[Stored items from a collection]

(* Let $m,n\ge2$, $D\in\mathcal{D}$ and $j\in\{1,\dots,n\}$. If the $j$-th column of $D$ has at most $m-2$ nonzero entries, then $\{D,\mathrm{U}_j\}$ is not $\mathcal{I}$-maximized.
   Context: Channels from $\{1,\dots,m\}$ to $\{1,\dots,n\}$ are $m\times n$ row-stochastic matrices; $\mathcal{D}$ is the set of deterministic (0-1) channels, $\mathrm{rank}(D)$ the matrix rank; $\mathrm{U}_j\in\mathcal{D}$ is the deterministic channel whose $j$-th column is all ones. For a channel $W$, $\Lambda(W)=\{\lambda\text{ probability distribution on }\mathcal{D}: W=\sum_D\lambda_DD\}$, $C_{11}(\lambda)=\sum_D\lambda_D\log_2\mathrm{rank}(D)$, $\overline{C}_{11}(W)=\sup_{\lambda\in\Lambda(W)}C_{11}(\lambda)$. A subset $S\subseteq\mathcal{D}$ is $\mathcal{I}$-maximized if there is a probability distribution $\lambda$ on $\mathcal{D}$ with $\mathrm{supp}(\lambda)=S$ and $C_{11}(\lambda)=\overline{C}_{11}(W)$ where $W=\sum_D\lambda_DD$. *)

theory Defs
  imports "HOL-Analysis.Analysis"
begin

text \<open>Channels from {1..m} to {1..n}: m x n real matrices (rows indexed by 'm,
columns by 'n), row-stochastic.\<close>

definition channel :: "real^'n^'m \<Rightarrow> bool" where
  "channel W \<longleftrightarrow> (\<forall>i j. W $ i $ j \<ge> 0) \<and> (\<forall>i. (\<Sum>j\<in>UNIV. W $ i $ j) = 1)"

definition det_channels :: "(real^'n^'m) set" where
  "det_channels = {D. channel D \<and> (\<forall>i j. D $ i $ j = 0 \<or> D $ i $ j = 1)}"

definition Uch :: "'n \<Rightarrow> real^'n^'m" where
  "Uch j = (\<chi> i k. if k = j then 1 else 0)"

definition prob_dist_det :: "(real^'n^'m \<Rightarrow> real) \<Rightarrow> bool" where
  "prob_dist_det lam \<longleftrightarrow> (\<forall>D. lam D \<ge> 0) \<and> (\<forall>D. D \<notin> det_channels \<longrightarrow> lam D = 0)
     \<and> (\<Sum>D\<in>det_channels. lam D) = 1"

definition mix :: "(real^'n^'m \<Rightarrow> real) \<Rightarrow> real^'n^'m" where
  "mix lam = (\<Sum>D\<in>det_channels. lam D *\<^sub>R D)"

definition Lambda :: "real^'n^'m \<Rightarrow> (real^'n^'m \<Rightarrow> real) set" where
  "Lambda W = {lam. prob_dist_det lam \<and> W = mix lam}"

definition C11 :: "(real^'n^'m \<Rightarrow> real) \<Rightarrow> real" where
  "C11 lam = (\<Sum>D\<in>det_channels. lam D * log 2 (real (rank D)))"

definition C11bar :: "real^'n^'m \<Rightarrow> real" where
  "C11bar W = (SUP lam\<in>Lambda W. C11 lam)"

definition I_maximized :: "(real^'n^'m) set \<Rightarrow> bool" where
  "I_maximized S \<longleftrightarrow> (\<exists>lam. prob_dist_det lam \<and> {D. lam D \<noteq> 0} = S
      \<and> C11 lam = C11bar (mix lam))"

end

theory Submission
  imports Defs
begin

text \<open>Let \<open>\<lambda>\<close> be supported exactly on \<open>{D, U\<^sub>j}\<close>. Column \<open>j\<close> of \<open>D\<close> vanishes in two rows
\<open>i\<^sub>1 \<noteq> i\<^sub>2\<close>. Exchanging row \<open>i\<^sub>1\<close> between \<open>D\<close> and \<open>U\<^sub>j\<close> gives deterministic channels \<open>D'\<close>, \<open>E\<close> with
\<open>D' + E = D + U\<^sub>j\<close>; each has a row \<open>e\<^sub>j\<close> and a nonzero row vanishing at \<open>j\<close>, so both have rank
at least 2. Moving the mass \<open>q = min \<lambda>\<^sub>D \<lambda>\<^sub>U\<close> from \<open>D\<close>, \<open>U\<^sub>j\<close> to \<open>D'\<close>, \<open>E\<close> keeps the mixture and
raises \<open>C\<^sub>1\<^sub>1\<close> by \<open>q (log rk D' + log rk E - log rk D - log rk U\<^sub>j) > 0\<close>, because \<open>rk U\<^sub>j = 1\<close> and
\<open>rk D \<le> rk D' + 1 < rk D' \<cdot> rk E\<close>. So \<open>\<lambda>\<close> does not attain \<open>C\<^sub>1\<^sub>1\<close>-bar.\<close>

lemma finite_det_channels: "finite (det_channels :: (real^'n^'m) set)"
proof -
  have "det_channels \<subseteq> range (\<lambda>f :: 'm \<Rightarrow> 'n \<Rightarrow> bool. \<chi> i k. if f i k then (1::real) else 0)"
  proof
    fix A :: "real^'n^'m" assume "A \<in> det_channels"
    then have "A = (\<chi> i k. if A $ i $ k = 1 then 1 else 0)"
      by (force simp: det_channels_def vec_eq_iff)
    then show "A \<in> range (\<lambda>f :: 'm \<Rightarrow> 'n \<Rightarrow> bool. \<chi> i k. if f i k then (1::real) else 0)"
      by (rule range_eqI[where x = "\<lambda>i k. A $ i $ k = 1"])
  qed
  then show ?thesis by (rule finite_subset) simp
qed

lemma C11_le_C11bar:
  fixes W :: "real^'n^'m"
  assumes "lam \<in> Lambda W"
  shows "C11 lam \<le> C11bar W"
  unfolding C11bar_def
proof (rule cSUP_upper[OF assms], rule bdd_aboveI2)
  fix l :: "real^'n^'m \<Rightarrow> real" assume "l \<in> Lambda W"
  then have l0: "\<And>X. 0 \<le> l X" and l1: "\<And>X. X \<in> det_channels \<Longrightarrow> l X \<le> 1"
    using member_le_sum[of _ det_channels l] finite_det_channels
    by (auto simp: Lambda_def prob_dist_det_def)
  show "C11 l \<le> (\<Sum>X\<in>(det_channels :: (real^'n^'m) set). \<bar>log 2 (real (rank X))\<bar>)"
    unfolding C11_def
  proof (rule sum_mono)
    fix X :: "real^'n^'m" assume "X \<in> det_channels"
    then show "l X * log 2 (real (rank X)) \<le> \<bar>log 2 (real (rank X))\<bar>"
      using l0[of X] l1[of X] by (metis abs_ge_self abs_mult abs_of_nonneg mult_left_le_one_le
           abs_ge_zero order_trans)
  qed
qed

lemma sum_transfer_mass_scaleR:
  fixes h :: "'a \<Rightarrow> 'b::real_vector"
  assumes "finite S" "{a, b, a', b'} \<subseteq> S"
  shows "(\<Sum>x\<in>S. (l x + q * (indicator {a'} x + indicator {b'} x - indicator {a} x - indicator {b} x)) *\<^sub>R h x)
    = (\<Sum>x\<in>S. l x *\<^sub>R h x) + q *\<^sub>R (h a' + h b' - h a - h b)"
proof -
  have "(l x + q * (indicator {a'} x + indicator {b'} x - indicator {a} x - indicator {b} x)) *\<^sub>R h x
      = l x *\<^sub>R h x + q *\<^sub>R (indicator {a'} x *\<^sub>R h x + indicator {b'} x *\<^sub>R h x
          - indicator {a} x *\<^sub>R h x - indicator {b} x *\<^sub>R h x)" for x
    by (simp add: algebra_simps)
  moreover have "{x. x = c \<and> x \<in> S} = {c}" if "c \<in> S" for c
    using that by blast
  ultimately show ?thesis
    using assms by (simp add: sum.distrib sum_subtractf flip: scaleR_sum_right)
qed

definition transfer_mass :: "real \<Rightarrow> 'a \<Rightarrow> 'a \<Rightarrow> 'a \<Rightarrow> 'a \<Rightarrow> ('a \<Rightarrow> real) \<Rightarrow> 'a \<Rightarrow> real" where
  "transfer_mass q a b a' b' l =
     (\<lambda>x. l x + q * (indicator {a'} x + indicator {b'} x - indicator {a} x - indicator {b} x))"

lemma prob_dist_det_transfer_mass:
  fixes lam :: "real^'n^'m \<Rightarrow> real"
  assumes "prob_dist_det lam" "A \<noteq> B" "{A, B, A', B'} \<subseteq> det_channels"
    and "0 \<le> q" "q \<le> lam A" "q \<le> lam B"
  shows "prob_dist_det (transfer_mass q A B A' B' lam)"
  unfolding prob_dist_det_def
proof (intro conjI allI impI)
  fix X :: "real^'n^'m"
  show "0 \<le> transfer_mass q A B A' B' lam X"
    using assms by (auto simp: transfer_mass_def prob_dist_det_def indicator_def)
  show "transfer_mass q A B A' B' lam X = 0" if "X \<notin> det_channels"
    using assms that by (auto simp: transfer_mass_def prob_dist_det_def indicator_def)
next
  show "(\<Sum>X\<in>det_channels. transfer_mass q A B A' B' lam X) = 1"
    using sum_transfer_mass_scaleR[OF finite_det_channels assms(3), of lam q "\<lambda>_. 1 :: real"] assms(1)
    by (simp add: transfer_mass_def prob_dist_det_def)
qed

lemma mix_transfer_mass:
  assumes "{A, B, A', B'} \<subseteq> det_channels" "A' + B' = A + B"
  shows "mix (transfer_mass q A B A' B' lam) = mix lam"
  using sum_transfer_mass_scaleR[OF finite_det_channels assms(1), of lam q id] assms(2)
  by (simp add: mix_def transfer_mass_def)

lemma C11_transfer_mass:
  assumes "{A, B, A', B'} \<subseteq> det_channels"
  shows "C11 (transfer_mass q A B A' B' lam) = C11 lam
    + q * (log 2 (rank A') + log 2 (rank B') - log 2 (rank A) - log 2 (rank B))"
  using sum_transfer_mass_scaleR[OF finite_det_channels assms, of lam q "\<lambda>X. log 2 (rank X)"]
  by (simp add: C11_def transfer_mass_def)

lemma C11_lt_C11bar_if_improving_transfer:
  fixes lam :: "real^'n^'m \<Rightarrow> real"
  assumes "prob_dist_det lam" "A \<noteq> B" "{A, B, A', B'} \<subseteq> det_channels" "A' + B' = A + B"
    and "0 < q" "q \<le> lam A" "q \<le> lam B"
    and "log 2 (rank A) + log 2 (rank B) < log 2 (rank A') + log 2 (rank B')"
  shows "C11 lam < C11bar (mix lam)"
proof -
  let ?lam' = "transfer_mass q A B A' B' lam"
  have "prob_dist_det ?lam'"
    using prob_dist_det_transfer_mass[OF assms(1-3)] assms(5-7) by simp
  then have "?lam' \<in> Lambda (mix lam)"
    using mix_transfer_mass[OF assms(3,4)] by (simp add: Lambda_def)
  then have "C11 ?lam' \<le> C11bar (mix lam)"
    by (rule C11_le_C11bar)
  moreover have "C11 lam < C11 ?lam'"
    using C11_transfer_mass[OF assms(3)] assms(5,8) by simp
  ultimately show ?thesis
    by simp
qed

definition replace_row :: "'m \<Rightarrow> 'a^'n^'m \<Rightarrow> 'a^'n^'m \<Rightarrow> 'a^'n^'m" where
  "replace_row i A B = (\<chi> k. if k = i then B $ k else A $ k)"

lemma replace_row_nth: "replace_row i A B $ k = (if k = i then B $ k else A $ k)"
  by (simp add: replace_row_def)

lemma replace_row_add_swap:
  fixes A B :: "'a::ab_semigroup_add^'n^'m"
  shows "replace_row i A B + replace_row i B A = A + B"
  by (simp add: vec_eq_iff replace_row_nth add.commute)

lemma replace_row_det_channels:
  assumes "A \<in> det_channels" "B \<in> det_channels"
  shows "replace_row i A B \<in> det_channels"
  using assms by (auto simp: det_channels_def channel_def replace_row_nth)

lemma Uch_det_channels: "Uch j \<in> det_channels"
  by (simp add: det_channels_def channel_def Uch_def)

lemma det_channels_row_nonzero:
  assumes "D \<in> det_channels"
  shows "D $ i \<noteq> 0"
proof
  assume "D $ i = 0"
  then have "(\<Sum>k\<in>UNIV. D $ i $ k) = 0"
    by simp
  then show False
    using assms by (simp add: det_channels_def channel_def)
qed

lemma rows_eq_range: "rows (A :: real^'n^'m) = range (($) A)"
  by (auto simp: rows_def row_def vec_lambda_eta)

lemma rank_le_rank_replace_row:
  fixes A B :: "real^'n^'m"
  shows "rank A \<le> rank (replace_row i A B) + 1"
proof -
  have "rows A \<subseteq> insert (A $ i) (rows (replace_row i A B))"
    by (auto simp: rows_eq_range replace_row_nth)
  then have "dim (rows A) \<le> dim (insert (A $ i) (rows (replace_row i A B)))"
    by (rule dim_subset)
  also have "\<dots> \<le> dim (rows (replace_row i A B)) + 1"
    by (simp add: dim_insert)
  finally show ?thesis
    by (simp add: row_rank_def)
qed

lemma rank_ge_2:
  fixes A :: "real^'n^'m"
  assumes "A $ a $ j \<noteq> 0" "A $ b $ j = 0" "A $ b \<noteq> 0"
  shows "2 \<le> rank A"
proof -
  have "A $ a \<notin> span {A $ b}"
    using assms by (auto simp: span_singleton)
  then have "independent {A $ a, A $ b}"
    using assms by (simp add: independent_insert)
  moreover have "{A $ a, A $ b} \<subseteq> rows A"
    by (auto simp: rows_eq_range)
  ultimately have "card {A $ a, A $ b} \<le> dim (rows A)"
    by (rule independent_card_le_dim[rotated])
  moreover have "A $ a \<noteq> A $ b"
    using assms by auto
  ultimately show ?thesis
    by (simp add: row_rank_def)
qed

lemma rank_le_1_if_rows_equal:
  fixes A :: "real^'n^'m"
  assumes "\<And>i. A $ i = u"
  shows "rank A \<le> 1"
proof -
  have "rows A \<subseteq> span {u}"
    using assms by (auto simp: rows_eq_range span_base)
  then have "dim (rows A) \<le> card {u}"
    by (intro dim_le_card) auto
  then show ?thesis
    by (simp add: row_rank_def)
qed

lemma log2_lt_add_log2:
  fixes a b c :: nat
  assumes "a \<le> b + 1" "2 \<le> b" "2 \<le> c"
  shows "log 2 a < log 2 b + log 2 c"
proof (cases "a = 0")
  case True
  have "1 \<le> log 2 b" "1 \<le> log 2 c"
    using assms by simp_all
  moreover have "log 2 (real a) = 0"
    using True by (simp add: log_def)
  ultimately show ?thesis
    by linarith
next
  case False
  have "a < b * c"
    using assms mult_le_mono2[of 2 c b] by linarith
  then have "real a < real b * real c"
    by (simp flip: of_nat_mult)
  then have "log 2 a < log 2 (real b * real c)"
    using False by (intro log_less) auto
  then show ?thesis
    using assms by (simp add: log_mult)
qed

text \<open>The case \<open>n = 0\<close> relies on the junk value \<open>log 2 0 = 0\<close>.\<close>
lemma log2_le_0_if_le_1:
  fixes n :: nat
  assumes "n \<le> 1"
  shows "log 2 n \<le> 0"
  using assms by (cases n) (auto simp: log_def)

lemma obtain_two_not:
  fixes P :: "'a::finite \<Rightarrow> bool"
  assumes "2 \<le> CARD('a)" "card {x. P x} \<le> CARD('a) - 2"
  obtains a b where "a \<noteq> b" "\<not> P a" "\<not> P b"
proof -
  have "card {x. \<not> P x} = CARD('a) - card {x. P x}"
    using card_Diff_subset[of "{x. P x}" UNIV] by (simp add: set_diff_eq)
  then have "2 \<le> card {x. \<not> P x}"
    using assms by linarith
  then obtain S where "S \<subseteq> {x. \<not> P x}" "card S = 2"
    by (meson obtain_subset_with_card_n)
  then show ?thesis
    using that by (auto simp: card_2_iff)
qed

lemma log_rank_add_lt_replace_row_Uch:
  fixes D :: "real^'n^'m"
  assumes "D \<in> det_channels" "i1 \<noteq> i2" "D $ i1 $ j = 0" "D $ i2 $ j = 0"
  shows "log 2 (rank D) + log 2 (rank (Uch j :: real^'n^'m))
    < log 2 (rank (replace_row i1 D (Uch j))) + log 2 (rank (replace_row i1 (Uch j) D))"
proof -
  let ?D' = "replace_row i1 D (Uch j)" and ?E = "replace_row i1 (Uch j) D"
  have "2 \<le> rank ?D'"
    using assms det_channels_row_nonzero[OF assms(1)]
    by (intro rank_ge_2[of ?D' i1 j i2]) (auto simp: replace_row_nth Uch_def)
  moreover have "2 \<le> rank ?E"
    using assms det_channels_row_nonzero[OF assms(1)]
    by (intro rank_ge_2[of ?E i2 j i1]) (auto simp: replace_row_nth Uch_def)
  moreover have "rank D \<le> rank ?D' + 1"
    by (rule rank_le_rank_replace_row)
  ultimately have "log 2 (rank D) < log 2 (rank ?D') + log 2 (rank ?E)"
    by (intro log2_lt_add_log2)
  moreover have "log 2 (rank (Uch j :: real^'n^'m)) \<le> 0"
    by (intro log2_le_0_if_le_1 rank_le_1_if_rows_equal) (simp add: Uch_def)
  ultimately show ?thesis
    by linarith
qed

theorem proposition6:
  fixes D :: "real^'n^'m" and j :: 'n
  assumes "CARD('m) \<ge> 2" and "CARD('n) \<ge> 2"
    and "D \<in> det_channels"
    and "card {i. D $ i $ j \<noteq> 0} \<le> CARD('m) - 2"
  shows "\<not> I_maximized {D, Uch j}"
proof
  assume "I_maximized {D, Uch j}"
  then obtain lam where lam: "prob_dist_det lam" and supp: "{X. lam X \<noteq> 0} = {D, Uch j}"
    and opt: "C11 lam = C11bar (mix lam)"
    unfolding I_maximized_def by blast
  obtain i1 i2 where rows: "i1 \<noteq> i2" "D $ i1 $ j = 0" "D $ i2 $ j = 0"
    using obtain_two_not[of "\<lambda>i. D $ i $ j \<noteq> 0"] assms(1,4) by auto
  define U :: "real^'n^'m" where "U = Uch j"
  have "D \<noteq> U"
    using rows by (auto simp: U_def Uch_def)
  have "0 < lam D" "0 < lam U"
    using lam supp by (auto simp: prob_dist_det_def U_def order_le_less)
  have "{D, U, replace_row i1 D U, replace_row i1 U D} \<subseteq> det_channels"
    using assms(3) Uch_det_channels replace_row_det_channels by (auto simp: U_def)
  then have "C11 lam < C11bar (mix lam)"
  proof (rule C11_lt_C11bar_if_improving_transfer[OF lam \<open>D \<noteq> U\<close> _ replace_row_add_swap])
    show "0 < min (lam D) (lam U)"
      using \<open>0 < lam D\<close> \<open>0 < lam U\<close> by simp
    show "log 2 (rank D) + log 2 (rank U)
      < log 2 (rank (replace_row i1 D U)) + log 2 (rank (replace_row i1 U D))"
      unfolding U_def by (rule log_rank_add_lt_replace_row_Uch[OF assms(3) rows])
  qed simp_all
  with opt show False
    by simp
qed

end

TASK |
Where does "imports" appear in the records above? Copy each line that holds it.

WRITTEN SOLUTION |
  imports "HOL-Analysis.Analysis"
  imports Defs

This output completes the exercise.